__What you are asked to do__: Within the data that follows, set down exactly the lines from the one containing "by (rule poly_mapping_eqI) (auto" through the one containing "(Suc s) k) s", both ends included.

START Data extracts

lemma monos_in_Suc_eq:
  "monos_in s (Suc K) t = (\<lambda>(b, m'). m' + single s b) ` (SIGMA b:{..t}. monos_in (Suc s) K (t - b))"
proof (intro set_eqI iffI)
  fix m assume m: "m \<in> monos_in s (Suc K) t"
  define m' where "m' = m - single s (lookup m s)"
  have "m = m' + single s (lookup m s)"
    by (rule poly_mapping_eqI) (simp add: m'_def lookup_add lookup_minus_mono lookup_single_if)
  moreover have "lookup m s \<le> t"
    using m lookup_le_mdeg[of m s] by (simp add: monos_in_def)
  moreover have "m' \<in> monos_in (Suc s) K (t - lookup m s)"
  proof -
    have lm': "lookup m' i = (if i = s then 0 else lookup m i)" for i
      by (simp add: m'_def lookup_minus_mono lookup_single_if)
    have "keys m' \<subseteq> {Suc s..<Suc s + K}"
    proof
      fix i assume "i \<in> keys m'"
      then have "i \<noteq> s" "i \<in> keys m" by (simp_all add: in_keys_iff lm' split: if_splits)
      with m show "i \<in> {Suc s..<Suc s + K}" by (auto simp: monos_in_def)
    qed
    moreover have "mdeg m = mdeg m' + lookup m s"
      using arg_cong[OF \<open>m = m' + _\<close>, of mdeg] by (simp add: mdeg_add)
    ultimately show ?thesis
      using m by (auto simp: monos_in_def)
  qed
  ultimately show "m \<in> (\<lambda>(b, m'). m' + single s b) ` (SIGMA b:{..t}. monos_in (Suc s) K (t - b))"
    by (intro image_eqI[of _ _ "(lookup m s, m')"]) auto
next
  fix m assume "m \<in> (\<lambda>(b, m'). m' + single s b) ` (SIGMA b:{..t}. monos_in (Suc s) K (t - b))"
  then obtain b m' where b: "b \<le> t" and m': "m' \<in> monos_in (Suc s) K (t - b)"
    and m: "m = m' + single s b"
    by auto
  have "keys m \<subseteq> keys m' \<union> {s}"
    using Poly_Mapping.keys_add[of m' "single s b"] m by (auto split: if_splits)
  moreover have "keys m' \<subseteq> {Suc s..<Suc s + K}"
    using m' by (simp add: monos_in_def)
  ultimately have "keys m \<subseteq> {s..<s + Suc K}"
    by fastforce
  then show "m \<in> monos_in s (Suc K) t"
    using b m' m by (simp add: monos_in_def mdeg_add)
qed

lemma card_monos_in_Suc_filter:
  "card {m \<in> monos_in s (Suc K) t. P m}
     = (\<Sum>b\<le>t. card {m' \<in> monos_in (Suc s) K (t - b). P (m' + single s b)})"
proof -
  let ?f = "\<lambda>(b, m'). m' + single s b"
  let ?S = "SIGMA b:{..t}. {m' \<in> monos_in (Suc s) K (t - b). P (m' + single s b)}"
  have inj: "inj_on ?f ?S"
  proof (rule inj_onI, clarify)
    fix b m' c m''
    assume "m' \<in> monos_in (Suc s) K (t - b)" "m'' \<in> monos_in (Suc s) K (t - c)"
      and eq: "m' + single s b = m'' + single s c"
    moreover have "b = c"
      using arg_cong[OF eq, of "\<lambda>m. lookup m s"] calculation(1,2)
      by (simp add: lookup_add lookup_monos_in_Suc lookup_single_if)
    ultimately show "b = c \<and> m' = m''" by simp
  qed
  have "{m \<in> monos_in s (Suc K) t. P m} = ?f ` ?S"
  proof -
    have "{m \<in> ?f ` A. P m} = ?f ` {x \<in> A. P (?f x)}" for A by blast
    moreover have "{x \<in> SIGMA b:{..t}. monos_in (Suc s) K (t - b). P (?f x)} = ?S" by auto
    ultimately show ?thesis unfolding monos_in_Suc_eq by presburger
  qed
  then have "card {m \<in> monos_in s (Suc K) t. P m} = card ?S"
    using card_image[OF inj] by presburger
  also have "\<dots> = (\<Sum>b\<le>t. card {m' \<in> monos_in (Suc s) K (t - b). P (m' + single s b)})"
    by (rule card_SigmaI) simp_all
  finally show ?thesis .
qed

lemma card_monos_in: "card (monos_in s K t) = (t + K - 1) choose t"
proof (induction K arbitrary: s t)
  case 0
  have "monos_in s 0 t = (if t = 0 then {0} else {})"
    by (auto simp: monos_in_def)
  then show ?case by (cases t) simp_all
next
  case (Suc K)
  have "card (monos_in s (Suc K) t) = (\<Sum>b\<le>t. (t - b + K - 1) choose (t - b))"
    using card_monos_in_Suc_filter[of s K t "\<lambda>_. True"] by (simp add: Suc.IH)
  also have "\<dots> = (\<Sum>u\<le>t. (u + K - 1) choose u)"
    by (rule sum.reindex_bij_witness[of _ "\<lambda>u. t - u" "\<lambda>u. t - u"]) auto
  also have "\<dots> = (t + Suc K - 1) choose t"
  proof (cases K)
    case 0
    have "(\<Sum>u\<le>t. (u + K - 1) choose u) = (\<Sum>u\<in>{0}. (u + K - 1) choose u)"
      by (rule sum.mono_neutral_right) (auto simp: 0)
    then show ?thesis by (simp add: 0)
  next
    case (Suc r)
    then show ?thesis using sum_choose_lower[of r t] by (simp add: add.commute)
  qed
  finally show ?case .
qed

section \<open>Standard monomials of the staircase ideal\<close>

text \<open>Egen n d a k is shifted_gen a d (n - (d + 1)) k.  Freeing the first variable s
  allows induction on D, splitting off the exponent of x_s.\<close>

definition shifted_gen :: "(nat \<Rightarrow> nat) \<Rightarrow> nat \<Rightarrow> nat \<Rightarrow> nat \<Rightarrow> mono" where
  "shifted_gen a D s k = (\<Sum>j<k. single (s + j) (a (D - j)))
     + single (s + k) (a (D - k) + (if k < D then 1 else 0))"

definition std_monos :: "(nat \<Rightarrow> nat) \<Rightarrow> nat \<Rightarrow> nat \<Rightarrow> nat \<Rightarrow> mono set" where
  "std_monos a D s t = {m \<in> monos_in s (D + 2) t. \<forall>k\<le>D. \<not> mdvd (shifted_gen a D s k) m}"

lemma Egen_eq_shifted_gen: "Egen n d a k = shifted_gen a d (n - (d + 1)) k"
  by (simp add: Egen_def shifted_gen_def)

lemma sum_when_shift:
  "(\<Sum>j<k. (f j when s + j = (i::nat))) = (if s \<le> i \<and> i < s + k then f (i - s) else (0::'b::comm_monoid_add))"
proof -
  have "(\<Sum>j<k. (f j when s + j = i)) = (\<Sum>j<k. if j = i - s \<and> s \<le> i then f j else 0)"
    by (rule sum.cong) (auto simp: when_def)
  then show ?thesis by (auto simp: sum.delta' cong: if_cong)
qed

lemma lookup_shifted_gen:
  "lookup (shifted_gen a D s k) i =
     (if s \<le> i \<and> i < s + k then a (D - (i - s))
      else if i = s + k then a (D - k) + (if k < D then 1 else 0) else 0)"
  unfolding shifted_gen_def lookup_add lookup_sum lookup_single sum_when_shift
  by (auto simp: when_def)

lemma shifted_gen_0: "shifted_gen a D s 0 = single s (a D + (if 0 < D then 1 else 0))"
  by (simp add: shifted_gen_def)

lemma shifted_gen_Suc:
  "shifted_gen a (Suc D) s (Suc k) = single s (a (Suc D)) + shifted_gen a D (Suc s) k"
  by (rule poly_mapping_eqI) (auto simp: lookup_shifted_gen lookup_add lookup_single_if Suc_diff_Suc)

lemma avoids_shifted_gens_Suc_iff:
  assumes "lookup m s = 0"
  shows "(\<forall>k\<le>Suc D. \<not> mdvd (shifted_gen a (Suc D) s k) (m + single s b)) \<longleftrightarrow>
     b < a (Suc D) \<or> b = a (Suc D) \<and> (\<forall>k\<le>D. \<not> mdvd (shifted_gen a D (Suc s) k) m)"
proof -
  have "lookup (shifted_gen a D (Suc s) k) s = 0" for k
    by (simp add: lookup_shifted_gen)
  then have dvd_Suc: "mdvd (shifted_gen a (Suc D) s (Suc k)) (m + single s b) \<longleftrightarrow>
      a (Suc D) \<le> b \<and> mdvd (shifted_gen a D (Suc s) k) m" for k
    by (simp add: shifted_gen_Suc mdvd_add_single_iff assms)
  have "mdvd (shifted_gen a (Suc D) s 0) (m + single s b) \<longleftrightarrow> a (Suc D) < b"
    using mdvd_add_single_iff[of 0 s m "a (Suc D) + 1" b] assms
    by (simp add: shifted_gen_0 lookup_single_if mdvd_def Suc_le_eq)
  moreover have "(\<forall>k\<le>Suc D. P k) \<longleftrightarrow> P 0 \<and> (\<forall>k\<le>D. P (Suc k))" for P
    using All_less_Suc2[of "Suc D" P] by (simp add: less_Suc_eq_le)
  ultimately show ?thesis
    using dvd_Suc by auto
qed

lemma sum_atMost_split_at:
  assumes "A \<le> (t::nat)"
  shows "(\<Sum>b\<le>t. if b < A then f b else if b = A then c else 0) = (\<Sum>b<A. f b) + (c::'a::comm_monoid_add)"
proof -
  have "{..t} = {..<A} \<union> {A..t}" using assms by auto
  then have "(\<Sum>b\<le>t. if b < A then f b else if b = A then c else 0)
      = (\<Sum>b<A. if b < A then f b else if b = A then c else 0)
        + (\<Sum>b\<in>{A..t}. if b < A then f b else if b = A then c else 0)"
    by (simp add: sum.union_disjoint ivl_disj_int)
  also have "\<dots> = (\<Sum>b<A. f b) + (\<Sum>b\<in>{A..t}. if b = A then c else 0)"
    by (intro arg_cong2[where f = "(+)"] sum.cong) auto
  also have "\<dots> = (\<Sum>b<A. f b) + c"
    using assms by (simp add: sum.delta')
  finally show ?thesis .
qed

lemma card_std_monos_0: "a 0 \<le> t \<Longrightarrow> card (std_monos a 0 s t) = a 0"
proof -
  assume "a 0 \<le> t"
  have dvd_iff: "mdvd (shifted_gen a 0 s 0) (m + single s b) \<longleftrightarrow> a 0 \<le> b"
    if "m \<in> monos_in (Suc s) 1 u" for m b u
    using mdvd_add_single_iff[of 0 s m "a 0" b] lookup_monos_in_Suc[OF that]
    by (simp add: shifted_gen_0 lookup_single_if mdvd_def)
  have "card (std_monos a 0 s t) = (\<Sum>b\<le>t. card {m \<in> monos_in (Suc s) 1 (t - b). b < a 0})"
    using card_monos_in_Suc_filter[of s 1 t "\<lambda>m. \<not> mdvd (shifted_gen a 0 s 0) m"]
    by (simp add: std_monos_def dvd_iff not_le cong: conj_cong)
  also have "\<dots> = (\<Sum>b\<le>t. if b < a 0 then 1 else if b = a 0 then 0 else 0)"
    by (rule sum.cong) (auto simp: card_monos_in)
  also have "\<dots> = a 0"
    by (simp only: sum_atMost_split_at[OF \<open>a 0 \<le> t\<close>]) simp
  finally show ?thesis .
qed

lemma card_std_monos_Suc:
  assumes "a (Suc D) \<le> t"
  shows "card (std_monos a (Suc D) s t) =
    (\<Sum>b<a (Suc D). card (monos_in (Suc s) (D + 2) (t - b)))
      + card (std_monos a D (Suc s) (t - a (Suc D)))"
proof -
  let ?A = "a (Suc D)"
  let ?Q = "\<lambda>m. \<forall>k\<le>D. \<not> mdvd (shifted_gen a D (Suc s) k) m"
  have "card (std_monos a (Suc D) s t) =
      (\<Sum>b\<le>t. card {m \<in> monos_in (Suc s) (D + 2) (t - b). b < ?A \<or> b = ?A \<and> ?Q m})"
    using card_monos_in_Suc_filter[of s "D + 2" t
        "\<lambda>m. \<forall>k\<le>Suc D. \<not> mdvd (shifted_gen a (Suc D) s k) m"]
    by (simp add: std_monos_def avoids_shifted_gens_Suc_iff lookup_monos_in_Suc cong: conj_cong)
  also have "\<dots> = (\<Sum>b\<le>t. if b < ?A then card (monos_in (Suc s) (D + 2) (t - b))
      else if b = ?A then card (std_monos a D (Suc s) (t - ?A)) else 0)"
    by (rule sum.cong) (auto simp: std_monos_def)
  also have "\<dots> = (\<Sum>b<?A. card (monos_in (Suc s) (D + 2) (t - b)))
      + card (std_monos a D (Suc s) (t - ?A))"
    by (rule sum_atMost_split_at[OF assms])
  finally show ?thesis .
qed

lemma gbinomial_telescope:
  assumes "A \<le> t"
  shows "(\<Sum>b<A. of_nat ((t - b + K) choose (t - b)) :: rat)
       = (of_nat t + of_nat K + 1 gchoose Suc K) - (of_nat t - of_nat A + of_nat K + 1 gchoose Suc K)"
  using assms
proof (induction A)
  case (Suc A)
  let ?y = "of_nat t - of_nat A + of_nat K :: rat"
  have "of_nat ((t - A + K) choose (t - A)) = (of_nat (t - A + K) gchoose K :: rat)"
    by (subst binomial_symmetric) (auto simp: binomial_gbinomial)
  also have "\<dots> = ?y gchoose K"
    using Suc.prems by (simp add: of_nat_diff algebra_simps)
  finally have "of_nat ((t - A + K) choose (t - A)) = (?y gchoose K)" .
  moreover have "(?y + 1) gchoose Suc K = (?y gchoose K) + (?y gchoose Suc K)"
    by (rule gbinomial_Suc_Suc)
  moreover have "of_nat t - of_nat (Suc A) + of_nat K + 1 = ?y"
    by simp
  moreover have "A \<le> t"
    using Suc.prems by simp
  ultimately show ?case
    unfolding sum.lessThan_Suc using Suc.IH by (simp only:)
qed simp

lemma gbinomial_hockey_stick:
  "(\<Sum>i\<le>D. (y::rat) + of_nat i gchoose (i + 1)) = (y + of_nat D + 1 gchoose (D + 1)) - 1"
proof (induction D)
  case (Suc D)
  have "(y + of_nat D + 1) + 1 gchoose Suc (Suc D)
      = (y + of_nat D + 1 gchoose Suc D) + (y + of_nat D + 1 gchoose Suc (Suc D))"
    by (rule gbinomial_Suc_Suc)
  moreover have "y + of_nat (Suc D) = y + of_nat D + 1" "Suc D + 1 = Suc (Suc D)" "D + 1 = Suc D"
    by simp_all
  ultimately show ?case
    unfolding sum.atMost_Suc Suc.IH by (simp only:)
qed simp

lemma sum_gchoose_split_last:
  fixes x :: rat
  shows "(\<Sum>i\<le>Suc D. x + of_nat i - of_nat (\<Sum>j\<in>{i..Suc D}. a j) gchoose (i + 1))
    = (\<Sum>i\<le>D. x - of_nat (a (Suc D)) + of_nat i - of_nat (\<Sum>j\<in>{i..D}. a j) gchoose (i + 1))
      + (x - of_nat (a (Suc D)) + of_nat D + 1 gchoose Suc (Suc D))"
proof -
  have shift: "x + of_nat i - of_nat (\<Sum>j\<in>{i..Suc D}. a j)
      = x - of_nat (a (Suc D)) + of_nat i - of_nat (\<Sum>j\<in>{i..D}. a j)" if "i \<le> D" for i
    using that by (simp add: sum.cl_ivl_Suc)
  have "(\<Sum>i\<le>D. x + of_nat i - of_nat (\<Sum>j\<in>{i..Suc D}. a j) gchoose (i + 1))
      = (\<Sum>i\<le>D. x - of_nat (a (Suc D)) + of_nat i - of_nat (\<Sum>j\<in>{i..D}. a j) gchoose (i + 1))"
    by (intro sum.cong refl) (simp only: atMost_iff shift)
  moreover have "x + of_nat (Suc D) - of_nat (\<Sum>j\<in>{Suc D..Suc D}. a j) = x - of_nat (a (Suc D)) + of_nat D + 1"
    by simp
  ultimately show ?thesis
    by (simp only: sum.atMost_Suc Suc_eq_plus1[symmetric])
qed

END Data extracts
START Data extracts

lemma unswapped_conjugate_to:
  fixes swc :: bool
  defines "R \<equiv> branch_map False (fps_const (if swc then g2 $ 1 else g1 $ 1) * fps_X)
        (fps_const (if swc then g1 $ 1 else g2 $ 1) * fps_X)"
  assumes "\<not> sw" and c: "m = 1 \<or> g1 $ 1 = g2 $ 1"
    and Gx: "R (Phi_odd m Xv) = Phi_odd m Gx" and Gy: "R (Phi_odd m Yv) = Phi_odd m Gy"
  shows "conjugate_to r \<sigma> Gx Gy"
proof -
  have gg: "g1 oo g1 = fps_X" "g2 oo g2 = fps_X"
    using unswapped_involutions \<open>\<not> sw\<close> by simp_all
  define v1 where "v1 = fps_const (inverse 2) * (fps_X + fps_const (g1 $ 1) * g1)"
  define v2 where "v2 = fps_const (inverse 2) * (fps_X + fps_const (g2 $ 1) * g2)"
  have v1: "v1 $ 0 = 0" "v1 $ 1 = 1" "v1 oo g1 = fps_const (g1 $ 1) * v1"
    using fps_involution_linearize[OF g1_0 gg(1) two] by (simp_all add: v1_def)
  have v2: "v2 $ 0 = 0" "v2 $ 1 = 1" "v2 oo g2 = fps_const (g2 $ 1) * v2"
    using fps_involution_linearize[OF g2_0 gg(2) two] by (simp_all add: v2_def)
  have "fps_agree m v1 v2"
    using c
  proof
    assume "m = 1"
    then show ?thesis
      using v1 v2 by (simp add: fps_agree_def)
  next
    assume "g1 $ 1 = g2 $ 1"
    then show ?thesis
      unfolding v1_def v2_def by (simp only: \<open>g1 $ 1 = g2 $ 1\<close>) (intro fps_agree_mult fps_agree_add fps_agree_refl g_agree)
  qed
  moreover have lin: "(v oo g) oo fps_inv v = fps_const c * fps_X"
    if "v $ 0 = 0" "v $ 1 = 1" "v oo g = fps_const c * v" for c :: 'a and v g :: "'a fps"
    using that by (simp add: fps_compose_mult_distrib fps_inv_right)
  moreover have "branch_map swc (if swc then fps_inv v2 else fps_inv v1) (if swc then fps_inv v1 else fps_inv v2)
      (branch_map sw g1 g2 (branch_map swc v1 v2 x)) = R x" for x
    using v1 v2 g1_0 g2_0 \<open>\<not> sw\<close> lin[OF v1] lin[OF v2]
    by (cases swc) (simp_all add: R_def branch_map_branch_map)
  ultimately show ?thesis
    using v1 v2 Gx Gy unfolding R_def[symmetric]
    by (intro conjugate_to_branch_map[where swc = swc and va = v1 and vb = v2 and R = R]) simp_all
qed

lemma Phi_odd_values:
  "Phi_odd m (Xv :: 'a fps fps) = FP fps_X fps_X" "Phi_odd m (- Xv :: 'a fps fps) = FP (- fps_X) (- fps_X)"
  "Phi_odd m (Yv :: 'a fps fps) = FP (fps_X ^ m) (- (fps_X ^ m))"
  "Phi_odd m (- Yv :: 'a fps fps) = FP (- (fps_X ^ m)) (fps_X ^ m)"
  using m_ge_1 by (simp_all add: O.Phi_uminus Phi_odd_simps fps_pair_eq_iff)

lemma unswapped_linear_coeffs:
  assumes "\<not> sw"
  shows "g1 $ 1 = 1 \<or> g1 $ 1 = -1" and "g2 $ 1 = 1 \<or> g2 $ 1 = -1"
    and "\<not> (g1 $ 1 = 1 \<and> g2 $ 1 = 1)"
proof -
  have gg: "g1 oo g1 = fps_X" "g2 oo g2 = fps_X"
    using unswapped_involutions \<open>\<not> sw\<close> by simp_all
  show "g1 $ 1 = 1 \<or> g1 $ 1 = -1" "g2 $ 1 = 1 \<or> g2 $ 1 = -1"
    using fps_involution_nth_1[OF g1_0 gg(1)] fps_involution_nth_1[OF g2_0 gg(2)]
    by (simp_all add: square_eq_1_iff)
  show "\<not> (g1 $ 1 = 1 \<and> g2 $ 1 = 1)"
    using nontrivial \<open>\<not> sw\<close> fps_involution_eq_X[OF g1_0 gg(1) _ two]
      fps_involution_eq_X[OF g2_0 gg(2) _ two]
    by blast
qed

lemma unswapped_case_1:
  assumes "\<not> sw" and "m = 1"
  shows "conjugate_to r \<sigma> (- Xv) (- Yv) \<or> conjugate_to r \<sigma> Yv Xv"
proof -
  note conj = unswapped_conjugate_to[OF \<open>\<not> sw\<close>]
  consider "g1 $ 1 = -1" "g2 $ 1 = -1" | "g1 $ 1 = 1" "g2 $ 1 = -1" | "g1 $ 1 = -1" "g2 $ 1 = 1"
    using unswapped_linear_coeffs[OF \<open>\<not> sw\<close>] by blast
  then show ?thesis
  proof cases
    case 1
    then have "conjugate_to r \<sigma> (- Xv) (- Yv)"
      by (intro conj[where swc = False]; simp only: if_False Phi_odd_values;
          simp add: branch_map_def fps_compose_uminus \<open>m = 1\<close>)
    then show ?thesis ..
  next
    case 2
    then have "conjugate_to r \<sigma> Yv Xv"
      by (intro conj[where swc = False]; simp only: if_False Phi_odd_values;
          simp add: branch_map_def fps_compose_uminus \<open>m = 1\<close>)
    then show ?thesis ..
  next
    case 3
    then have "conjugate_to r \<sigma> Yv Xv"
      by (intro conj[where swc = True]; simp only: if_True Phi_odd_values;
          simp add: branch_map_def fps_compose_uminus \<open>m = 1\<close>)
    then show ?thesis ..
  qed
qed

END Data extracts

__Solution below__:
  by (rule poly_mapping_eqI) (auto simp: lookup_shifted_gen lookup_add lookup_single_if Suc_diff_Suc)

lemma avoids_shifted_gens_Suc_iff:
  assumes "lookup m s = 0"
  shows "(\<forall>k\<le>Suc D. \<not> mdvd (shifted_gen a (Suc D) s k) (m + single s b)) \<longleftrightarrow>
     b < a (Suc D) \<or> b = a (Suc D) \<and> (\<forall>k\<le>D. \<not> mdvd (shifted_gen a D (Suc s) k) m)"
proof -
  have "lookup (shifted_gen a D (Suc s) k) s = 0" for k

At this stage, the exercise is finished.